Shaken to obliteration
The long-range mission by six B-2 Spirit stealth bombers, each carrying two GBU-57s, was the equivalent of a 500-bomber raid from the Second World War, said military expert Francis Tusa.
“Fordow ought to have been shaken to obliteration because that amount of ordnance is very significant,” said the editor of the Defence Eye publication. “If they have actually gone into the main part of the building, then that would have completely destroyed the plant.”
US President Donald Trump is signalling this was a “one-off” strike to finish the job the Israelis had started, and that the US will not become further involved unless Iran retaliates.
America’s military therefore appears to have gambled in getting the mission accomplished in one hit by using 14 of its reported stockpile of only 20 GBU-57s – two of the bunker busters were also used on the Natanz plant.
It was also important to note, said Dr Frank Ledwidge, a former British military intelligence officer, that Fordow was built in the early 2000s at the same time the GBU-57 was being developed, making it unlikely the complex was constructed to withstand the attacks.
“The Americans had a high degree of certainty that the mission would have succeeded with the aim to destroy the facility and render it inoperable for future use,” he said. “I believe they used the minimum force to guarantee some form of success, while giving the best chance of a strategically insignificant response from Iran.”

Long-distance bombing
The raid is also significantly smaller than the 2,400 aircraft used on the first night of allied bombing on Iraq in 1991, in which a number of aircraft also flew from the US.

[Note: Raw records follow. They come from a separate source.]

lemma finite_exps_le [simp]: "finite (exps_le k)"
proof -
  have "exps_le k \<subseteq> {..k} \<times> {..k}" by (auto simp: exps_le_def)
  then show ?thesis by (rule finite_subset) auto
qed

lemma card_exps_le: "2 * card (exps_le k) = (k + 1) * (k + 2)"
proof (induction k)
  case 0
  have "exps_le 0 = {(0, 0)}" by (auto simp: exps_le_def)
  then show ?case by simp
next
  case (Suc k)
  let ?diag = "(\<lambda>i. (i, Suc k - i)) ` {..Suc k}"
  have "exps_le (Suc k) = exps_le k \<union> ?diag"
    by (auto simp: exps_le_def image_iff intro!: bexI[where x = "fst _"])
  moreover have "exps_le k \<inter> ?diag = {}" by (auto simp: exps_le_def)
  moreover have "card ?diag = Suc k + 1" by (subst card_image) (auto simp: inj_on_def)
  ultimately have "card (exps_le (Suc k)) = card (exps_le k) + (Suc k + 1)"
    by (simp add: card_Un_disjoint)
  with Suc show ?case by simp
qed

lemma coeff_coeff_sum_bmonom:
  assumes "finite A"
  shows "coeff (coeff (\<Sum>e\<in>A. bsmult (c e) (bmonom e)) j) i = (if (i, j) \<in> A then c (i, j) else 0)"
  using assms by (simp add: coeff_sum coeff_coeff_bmonom if_distrib[of "\<lambda>x. _ * x"] sum.If_cases)

lemma bmonom_expansion:
  assumes "p \<in> deg_le k"
  shows "p = (\<Sum>e\<in>exps_le k. bsmult (coeff (coeff p (snd e)) (fst e)) (bmonom e))"
proof (intro poly_eqI)
  fix j i
  show "coeff (coeff p j) i =
      coeff (coeff (\<Sum>e\<in>exps_le k. bsmult (coeff (coeff p (snd e)) (fst e)) (bmonom e)) j) i"
    using assms by (simp add: coeff_coeff_sum_bmonom) (auto simp: exps_le_def deg_le_def bdegree_le_iff)
qed
(* Let $X$ be a finite connected poset of length $1$ which does not contain a weak crown. Then $\mathcal{AM}(X)=\mathcal{P}(X)$ if and only if $|\mathrm{Min}(X)|=1$ or $|\mathrm{Max}(X)|=1$.
   Context: The length of $X$ is the maximum of $|C|-1$ over chains $C\subseteq X$. A weak $n$-crown ($n\ge2$) is a poset with $2n$ distinct elements $x_1,\dots,x_n,y_1,\dots,y_n$ such that $x_i<y_i$ for $1\le i\le n$, $x_{i+1}<y_i$ for $1\le i\le n-1$, and $x_1<y_n$ (other comparabilities may exist); $X$ contains a weak crown if some subset of $X$ with the induced order is a weak $n$-crown for some $n\ge2$. For $x<y$, $e_{xy}$ denotes the corresponding incidence-algebra basis element and $B=\{e_{xy}:x<y\}$. $\mathcal{C}(X)$ is the set of maximal chains. For a bijection $\theta:B\to B$ and $C:u_1<\dots<u_m$ in $\mathcal{C}(X)$, $\theta$ is increasing on $C$ if there is $D:v_1<\dots<v_m$ in $\mathcal{C}(X)$ with $\theta(e_{u_iu_j})=e_{v_iv_j}$ for all $i<j$, decreasing if $\theta(e_{u_iu_j})=e_{v_{m-j+1}v_{m-i+1}}$ for all $i<j$. $\mathcal{M}(X)$: bijections $B\to B$ increasing or decreasing on every maximal chain. A walk is a sequence $u_0,\dots,u_m$ where for each $i$ one of $u_i,u_{i+1}$ covers the other; closed if $u_0=u_m$. For a closed walk $\Gamma:u_0,\dots,u_m=u_0$ and $z\in X$: $s^+_{\theta,\Gamma}(z)=|\{i: u_i<u_{i+1},\ \exists w>z,\ \theta(e_{zw})=e_{u_iu_{i+1}}\}|$, $s^-_{\theta,\Gamma}(z)=|\{i: u_i>u_{i+1},\ \exists w>z,\ \theta(e_{zw})=e_{u_{i+1}u_i}\}|$, $t^+_{\theta,\Gamma}(z)=|\{i: u_i<u_{i+1},\ \exists w<z,\ \theta(e_{wz})=e_{u_iu_{i+1}}\}|$, $t^-_{\theta,\Gamma}(z)=|\{i: u_i>u_{i+1},\ \exists w<z,\ \theta(e_{wz})=e_{u_{i+1}u_i}\}|$, $0\le i\le m-1$. $\theta$ is admissible if $s^+_{\theta,\Gamma}(z)-s^-_{\theta,\Gamma}(z)=t^+_{\theta,\Gamma}(z)-t^-_{\theta,\Gamma}(z)$ for all closed walks $\Gamma$ and all $z$; $\mathcal{AM}(X)$ is the set of admissible elements of $\mathcal{M}(X)$. A bijection $\theta:B\to B$ is proper if there is an automorphism $\lambda$ of $X$ with $\theta(e_{xy})=e_{\lambda(x)\lambda(y)}$ for all $x<y$, or an anti-automorphism $\lambda$ of $X$ with $\theta(e_{xy})=e_{\lambda(y)\lambda(x)}$ for all $x<y$; $\mathcal{P}(X)$ is the set of proper bijections. *)

theory Defs
  imports Main
begin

Sunday’s attack, more than 11,000km from the B-2 base in Whiteman, Missouri, required several mid-air refuelling attachments.
Given that each bomber was carrying 27,200kg of ordnance, they had an exceptionally heavy payload, meaning that air-to-air refuelling was needed as they crossed the Atlantic and Mediterranean towards Iran.
At the same time a deceptiion operation that gained traction among flight radar websites was launched with B-2s heading westwards over the Pacific.
As they finally crossed into Iranian airspace, after about 18 hours flying, US submarines in the Gulf region unleashed a barrage of 30 Tomahawk cruise missiles that would have flown below radar to take out any remaining air defence threats in the B-2s path, as well as strike the Natanz and Isfahan nuclear plants.
Then, from a distance of several kilometres, the stealth bombers, dropping their weapons in carefully choreographed sequence, would have unleashed the biggest explosions witnessed in a single small area on Earth outside of a nuclear detonation.

Message received?
The “one-off strike message” might mean the war will be brought to a quicker conclusion, said Richard Pater, director of the Bicom Anglo-Israeli think tank.
He suggested there was little more to be done by Israel other than “washing up” in terms of the completing the job on eliminating Iran’s missile launch capacity.
He said he expected Israel would make an assessment this week to “draw a line in the sand and say mission complete”, allowing the Americans to achieve a diplomatic solution. “But that again depends on Iran, and on the terms in which they're prepared for ceasefire and surrender,” he added.